Вошла женщина лет сорока, лицо которой показалось ему смутно знакомым. Но ее имени он вспомнить не смог.

– Слушаю!

– Здравствуйте, мсье Арбен, – сказала незваная гостья негромко.

Издатель по-прежнему смотрел на нее с подозрением. И как это ей удалось пройти мимо его секретарши Эвелин, той еще церберши?

– Меня зовут мадам Бутар, – объявила посетительница, которая уже поняла, что Харольд Арбен ее не узнает.

Издатель нахмурился. Это имя ему ни о чем не говорило.

– Я работаю телефонисткой на коммутаторе в этом издательстве, – уточнила женщина. В улыбке ее проскользнула ирония.

Издатель смутился.

– Ах да, Элизабет… – пробормотал он.

Харольд Арбен знал только имя женщины, работавшей на коммутаторе в этом улье, в который превратилось его издательство: уже пятьдесят человек трудилось в меандрах его коридоров. Он никогда раньше с ней не разговаривал, если не считать стандартных «здравствуйте» и «всего доброго».

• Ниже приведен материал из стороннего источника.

theorem lemma6:
  fixes a b :: real
    and \<phi> :: "'m::finite \<Rightarrow> real \<Rightarrow> real"
    and P :: "'w measure"
    and A :: "'w \<Rightarrow> real^'p::finite^'m"
    and MA :: "real^'p^'m"
    and Srow :: "real^'p^'p" and Scol :: "real^'m^'m"
    and lamrow :: "'p \<Rightarrow> real" and vrow :: "'p \<Rightarrow> real^'p"
    and \<psi> :: "nat \<Rightarrow> 'p \<Rightarrow> real \<Rightarrow> real" and \<pi> :: "nat \<Rightarrow> real"
    and k :: 'p
  assumes ab: "a < b"
    and phi_L2: "\<forall>l. L2fun a b (\<phi> l)"
    and phi_indep: "\<forall>c :: 'm \<Rightarrow> real.
        (AE t in lebesgue_on {a..b}. (\<Sum>l\<in>UNIV. c l * \<phi> l t) = 0) \<longrightarrow> (\<forall>l. c l = 0)"
    and Srow_sym: "transpose Srow = Srow"
    and Srow_pd: "\<forall>v. v \<noteq> 0 \<longrightarrow> v \<bullet> (Srow *v v) > 0"
    and Scol_sym: "transpose Scol = Scol"
    and Scol_pd: "\<forall>v. v \<noteq> 0 \<longrightarrow> v \<bullet> (Scol *v v) > 0"
    and eig_row: "\<forall>j. Srow *v vrow j = lamrow j *\<^sub>R vrow j"
    and orth_row: "\<forall>j j'. vrow j \<bullet> vrow j' = (if j = j' then 1 else 0)"
    and P_prob: "prob_space P"
    and A_rv: "\<forall>l j. integrable P (\<lambda>w. (A w $ l $ j)\<^sup>2) \<and> (\<lambda>w. A w $ l $ j) \<in> borel_measurable P"
    and MA_mean: "\<forall>l j. MA $ l $ j = integral\<^sup>L P (\<lambda>w. A w $ l $ j)"
    and cov: "\<forall>i j. \<forall>s\<in>{a..b}. \<forall>t\<in>{a..b}.
        integral\<^sup>L P (\<lambda>w. ((\<Sum>l\<in>UNIV. A w $ l $ i * \<phi> l s) - (\<Sum>l\<in>UNIV. MA $ l $ i * \<phi> l s))
                          * ((\<Sum>l\<in>UNIV. A w $ l $ j * \<phi> l t) - (\<Sum>l\<in>UNIV. MA $ l $ j * \<phi> l t)))
        = Srow $ i $ j * ((\<chi> l. \<phi> l s) \<bullet> (Scol *v (\<chi> l. \<phi> l t)))"
    and eigsys: "is_eigensystem a b
        (\<lambda>s t. ((\<chi> l. \<phi> l s) \<bullet> (Scol *v (\<chi> l. \<phi> l t))) *\<^sub>R Srow) \<psi> \<pi>"
  shows "\<forall>w\<in>space P.
    shapley a b \<psi> \<pi> (CARD('m) * CARD('p)) k
      (\<lambda>j t. \<Sum>l\<in>UNIV. A w $ l $ j * \<phi> l t)
      (\<lambda>j t. \<Sum>l\<in>UNIV. MA $ l $ j * \<phi> l t)
    = (\<Sum>j\<in>UNIV. (1 / lamrow j) * (vrow j $ k) *
         ((\<chi> l. A w $ l $ k - MA $ l $ k) \<bullet>
          (matrix_inv Scol *v ((A w - MA) *v vrow j))))"
proof
  \<comment> \<open>The identity holds pathwise and the kernel enters only through \<open>eigsys\<close>.\<close>
  fix w assume "w \<in> space P"
  interpret separable_eigensystem a b \<phi> Scol Srow \<psi> \<pi>
    using phi_L2 eigsys by unfold_locales auto
  define D where "D = A w - MA"
  define Q where "Q = matrix_inv Scol"
  define R :: "real^'p^'p" where "R = (\<chi> x y. \<Sum>q\<in>UNIV. vrow q $ x * vrow q $ y / lamrow q)"
  have "invertible Scol"
    by (rule invertible_if_pos_def[OF Scol_pd])
  then have Q: "transpose Scol ** Q = mat 1" "transpose Q = Q"
    unfolding Q_def using Scol_sym by (simp_all add: matrix_inv_cancel transpose_matrix_inv_symmetric)
  have "lamrow q \<noteq> 0" for q
    using eigenvalue_pos_if_pos_def[OF Srow_pd, of "vrow q" "lamrow q"] eig_row orth_row by fastforce
  then have R: "R ** Srow = mat 1"
    unfolding R_def using eig_row orth_row by (intro spectral_inverse) auto
  have R_sym: "transpose R = R"
    by (simp add: R_def transpose_def vec_eq_iff mult.commute)
  have game: "fMMD2 a b \<psi> \<pi> (CARD('m) * CARD('p)) (hatX S (phi_comb (A w)) (phi_comb MA)) (phi_comb MA)
      = restrict_columns S D \<bullet> (Q ** restrict_columns S D ** R)" for S
    unfolding D_def by (rule fMMD2_phi_comb[OF gram_invertible[OF phi_indep] Q(1) R hatX_phi_comb_diff])
  have "shapley a b \<psi> \<pi> (CARD('m) * CARD('p)) k (phi_comb (A w)) (phi_comb MA)
      = (\<Sum>j\<in>UNIV. column k D \<bullet> (Q *v column j D) * R $ j $ k)"
    unfolding shapley_eq_shapley_value game by (rule shapley_value_restricted_quadratic_form[OF Q(2) R_sym])
  also have "\<dots> = (\<Sum>j\<in>UNIV. (1 / lamrow j) * (vrow j $ k) *
         ((\<chi> l. A w $ l $ k - MA $ l $ k) \<bullet> (matrix_inv Scol *v ((A w - MA) *v vrow j))))"
    unfolding R_def vec_lambda_beta sum_column_form_spectral by (simp add: D_def Q_def column_def)
  finally show "shapley a b \<psi> \<pi> (CARD('m) * CARD('p)) k
      (\<lambda>j t. \<Sum>l\<in>UNIV. A w $ l $ j * \<phi> l t) (\<lambda>j t. \<Sum>l\<in>UNIV. MA $ l $ j * \<phi> l t)
    = (\<Sum>j\<in>UNIV. (1 / lamrow j) * (vrow j $ k) *
         ((\<chi> l. A w $ l $ k - MA $ l $ k) \<bullet> (matrix_inv Scol *v ((A w - MA) *v vrow j))))"
    by (simp add: phi_comb_def)
qed

end
lemma B_A_half_imp_A_numerically_bounded:
  assumes "T \<in> B_A_half A"
  shows "A_numerically_bounded A T"
proof -
  obtain c where "bounded_clinear T" and c: "\<And>x. A_norm A (T x) \<le> c * A_norm A x"
    using assms by (auto simp: B_A_half_def)
  have "cmod (A_inner A (T x) x) \<le> c * (A_norm A x)\<^sup>2" for x
  proof -
    have "cmod (A_inner A (T x) x) \<le> A_norm A (T x) * A_norm A x"
      by (rule A_inner_Cauchy_Schwarz)
    also have "\<dots> \<le> c * A_norm A x * A_norm A x"
      by (intro mult_right_mono c) simp
    finally show ?thesis by (simp add: power2_eq_square mult.assoc)
  qed
  then show ?thesis
    using \<open>bounded_clinear T\<close> by (auto simp: A_numerically_bounded_def bounded_clinear_imp_clinear)
qed

lemma A_numerically_bounded_add:
  assumes "A_numerically_bounded A Q" "A_numerically_bounded A R"
  shows "A_numerically_bounded A (\<lambda>x. Q x + R x)"
proof -
  obtain c d where c: "\<And>x. cmod (A_inner A (Q x) x) \<le> c * (A_norm A x)\<^sup>2"
    and d: "\<And>x. cmod (A_inner A (R x) x) \<le> d * (A_norm A x)\<^sup>2"
    using assms by (auto simp: A_numerically_bounded_def)
  have "cmod (A_inner A (Q x + R x) x) \<le> (c + d) * (A_norm A x)\<^sup>2" for x
    using norm_triangle_ineq[of "A_inner A (Q x) x" "A_inner A (R x) x"] c[of x] d[of x]
    by (simp add: A_inner_simps algebra_simps)
  then show ?thesis
    using assms by (auto simp: A_numerically_bounded_def clinear_add_fun)
qed

lemma A_numerically_bounded_diff:
  assumes "A_numerically_bounded A Q" "A_numerically_bounded A R"
  shows "A_numerically_bounded A (\<lambda>x. Q x - R x)"
proof -
  obtain c d where c: "\<And>x. cmod (A_inner A (Q x) x) \<le> c * (A_norm A x)\<^sup>2"
    and d: "\<And>x. cmod (A_inner A (R x) x) \<le> d * (A_norm A x)\<^sup>2"
    using assms by (auto simp: A_numerically_bounded_def)
  have "cmod (A_inner A (Q x - R x) x) \<le> (c + d) * (A_norm A x)\<^sup>2" for x
    using norm_triangle_ineq4[of "A_inner A (Q x) x" "A_inner A (R x) x"] c[of x] d[of x]
    by (simp add: A_inner_simps algebra_simps)
  then show ?thesis
    using assms by (auto simp: A_numerically_bounded_def clinear_diff_fun)
qed

lemma A_numerically_bounded_imp_clinear: "A_numerically_bounded A T \<Longrightarrow> clinear T"
  by (simp add: A_numerically_bounded_def)

lemma A_inner_le_omega_A:
  assumes "A_numerically_bounded A T"
  shows "cmod (A_inner A (T x) x) \<le> omega_A A T * (A_norm A x)\<^sup>2"
proof -
  obtain c where lin: "clinear T" and c: "\<And>x. cmod (A_inner A (T x) x) \<le> c * (A_norm A x)\<^sup>2"
    using assms by (auto simp: A_numerically_bounded_def)
  show ?thesis
  proof (cases "A_norm A x = 0")
    case True
    then show ?thesis using c[of x] by simp
  next
    case False
    define s where "s = A_norm A x"
    define y where "y = scaleC (complex_of_real (1 / s)) x"
    have unit_bound: "cmod (A_inner A (T y) y) \<le> omega_A A T"
    proof -
      have c_unit: "A_norm A x = 1 \<Longrightarrow> cmod (A_inner A (T x) x) \<le> c" for x
        using c[of x] by simp
      have bdd: "bdd_above {cmod (A_inner A (T x) x) | x. A_norm A x = 1}"
        by (intro bdd_aboveI[where M = c]) (clarify, erule c_unit)
      have "A_norm A y = 1"
        using False by (simp add: y_def s_def A_norm_scaleC norm_divide)
      then have "cmod (A_inner A (T y) y) \<in> {cmod (A_inner A (T x) x) | x. A_norm A x = 1}"
        by (intro CollectI exI[of _ y]) simp
      then show ?thesis
        unfolding omega_A_def by (rule cSup_upper[OF _ bdd])
    qed
    have "scaleC (complex_of_real s) y = x"
      using False by (simp add: y_def s_def scaleC_scaleC scaleC_one)
    moreover have "A_inner A (T (scaleC (complex_of_real s) y)) (scaleC (complex_of_real s) y)
        = complex_of_real (s\<^sup>2) * A_inner A (T y) y"
      by (simp add: clinear_scaleC[OF lin] A_inner_simps power2_eq_square)
    ultimately have "cmod (A_inner A (T x) x) = s\<^sup>2 * cmod (A_inner A (T y) y)"
      by (simp add: norm_mult norm_power)
    also have "\<dots> \<le> s\<^sup>2 * omega_A A T"
      by (rule mult_left_mono[OF unit_bound]) simp
    finally show ?thesis unfolding s_def by (simp only: mult.commute)
  qed
qed

lemma A_inner_off_diagonal_polarization:
  fixes Q R :: "'a \<Rightarrow> 'a"
  defines "B \<equiv> \<lambda>x. Q x + R x" and "C \<equiv> \<lambda>x. Q x - R x"
  assumes Q: "clinear Q" and R: "clinear R"
  shows "4 * (A_inner A (Q v) u + A_inner A (R u) v)
    = A_inner A (B (u + v)) (u + v) - A_inner A (B (u - v)) (u - v)
      - \<i> * (A_inner A (C (u + scaleC \<i> v)) (u + scaleC \<i> v)
             - A_inner A (C (u - scaleC \<i> v)) (u - scaleC \<i> v))"
  unfolding B_def C_def
  by (simp add: clinear_add[OF Q] clinear_add[OF R] clinear_diff[OF Q] clinear_diff[OF R]
      clinear_scaleC[OF Q] clinear_scaleC[OF R] A_inner_simps algebra_simps)

lemma A_inner_off_diagonal_le:
  assumes Q: "A_numerically_bounded A Q" and R: "A_numerically_bounded A R"
  shows "cmod (A_inner A (Q v) u + A_inner A (R u) v)
    \<le> (omega_A A (\<lambda>x. Q x + R x) + omega_A A (\<lambda>x. Q x - R x)) / 2
       * ((A_norm A u)\<^sup>2 + (A_norm A v)\<^sup>2)"
proof -
  define B where "B = (\<lambda>x. Q x + R x)"
  define C where "C = (\<lambda>x. Q x - R x)"
  have B: "A_numerically_bounded A B" and C: "A_numerically_bounded A C"
    unfolding B_def C_def using A_numerically_bounded_add[OF Q R] A_numerically_bounded_diff[OF Q R] .
  let ?form = "\<lambda>T w. cmod (A_inner A (T w) w)"
  let ?iv = "scaleC \<i> v"
  have "4 * cmod (A_inner A (Q v) u + A_inner A (R u) v)
      \<le> ?form B (u + v) + ?form B (u - v) + (?form C (u + ?iv) + ?form C (u - ?iv))"
  proof -
    have "4 * cmod (A_inner A (Q v) u + A_inner A (R u) v)
        = cmod (4 * (A_inner A (Q v) u + A_inner A (R u) v))"
      by (subst norm_mult) simp
    also have "\<dots> \<le> cmod (A_inner A (B (u + v)) (u + v) - A_inner A (B (u - v)) (u - v))
        + cmod (\<i> * (A_inner A (C (u + ?iv)) (u + ?iv) - A_inner A (C (u - ?iv)) (u - ?iv)))"
      unfolding A_inner_off_diagonal_polarization[OF Q[THEN A_numerically_bounded_imp_clinear]
          R[THEN A_numerically_bounded_imp_clinear]]
        B_def C_def
      by (rule norm_triangle_ineq4)
    also have "\<dots> \<le> ?form B (u + v) + ?form B (u - v) + (?form C (u + ?iv) + ?form C (u - ?iv))"
      by (intro add_mono norm_triangle_ineq4) (simp add: norm_mult norm_triangle_ineq4)
    finally show ?thesis .
  qed
  also have "\<dots> \<le> omega_A A B * ((A_norm A (u + v))\<^sup>2 + (A_norm A (u - v))\<^sup>2)
      + omega_A A C * ((A_norm A (u + ?iv))\<^sup>2 + (A_norm A (u - ?iv))\<^sup>2)"
    unfolding distrib_left by (intro add_mono A_inner_le_omega_A B C)
  also have "\<dots> = 2 * (omega_A A B + omega_A A C) * ((A_norm A u)\<^sup>2 + (A_norm A v)\<^sup>2)"
    unfolding A_norm_parallelogram by (simp add: A_norm_scaleC algebra_simps)
  finally show ?thesis
    by (simp add: B_def C_def field_simps)
qed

– Присядьте, – предложил он, с силой расплющивая влажные останки сигары в сиреневой хрустальной пепельнице. – Я могу уделить вам всего пару минут.

Она присела в кресло, в которое он ткнул указующим перстом.

– Я знаю, что у вас много дел, мсье Арбен. Я только хотела узнать, сможете ли вы посмотреть эту рукопись.

– Это ваше произведение?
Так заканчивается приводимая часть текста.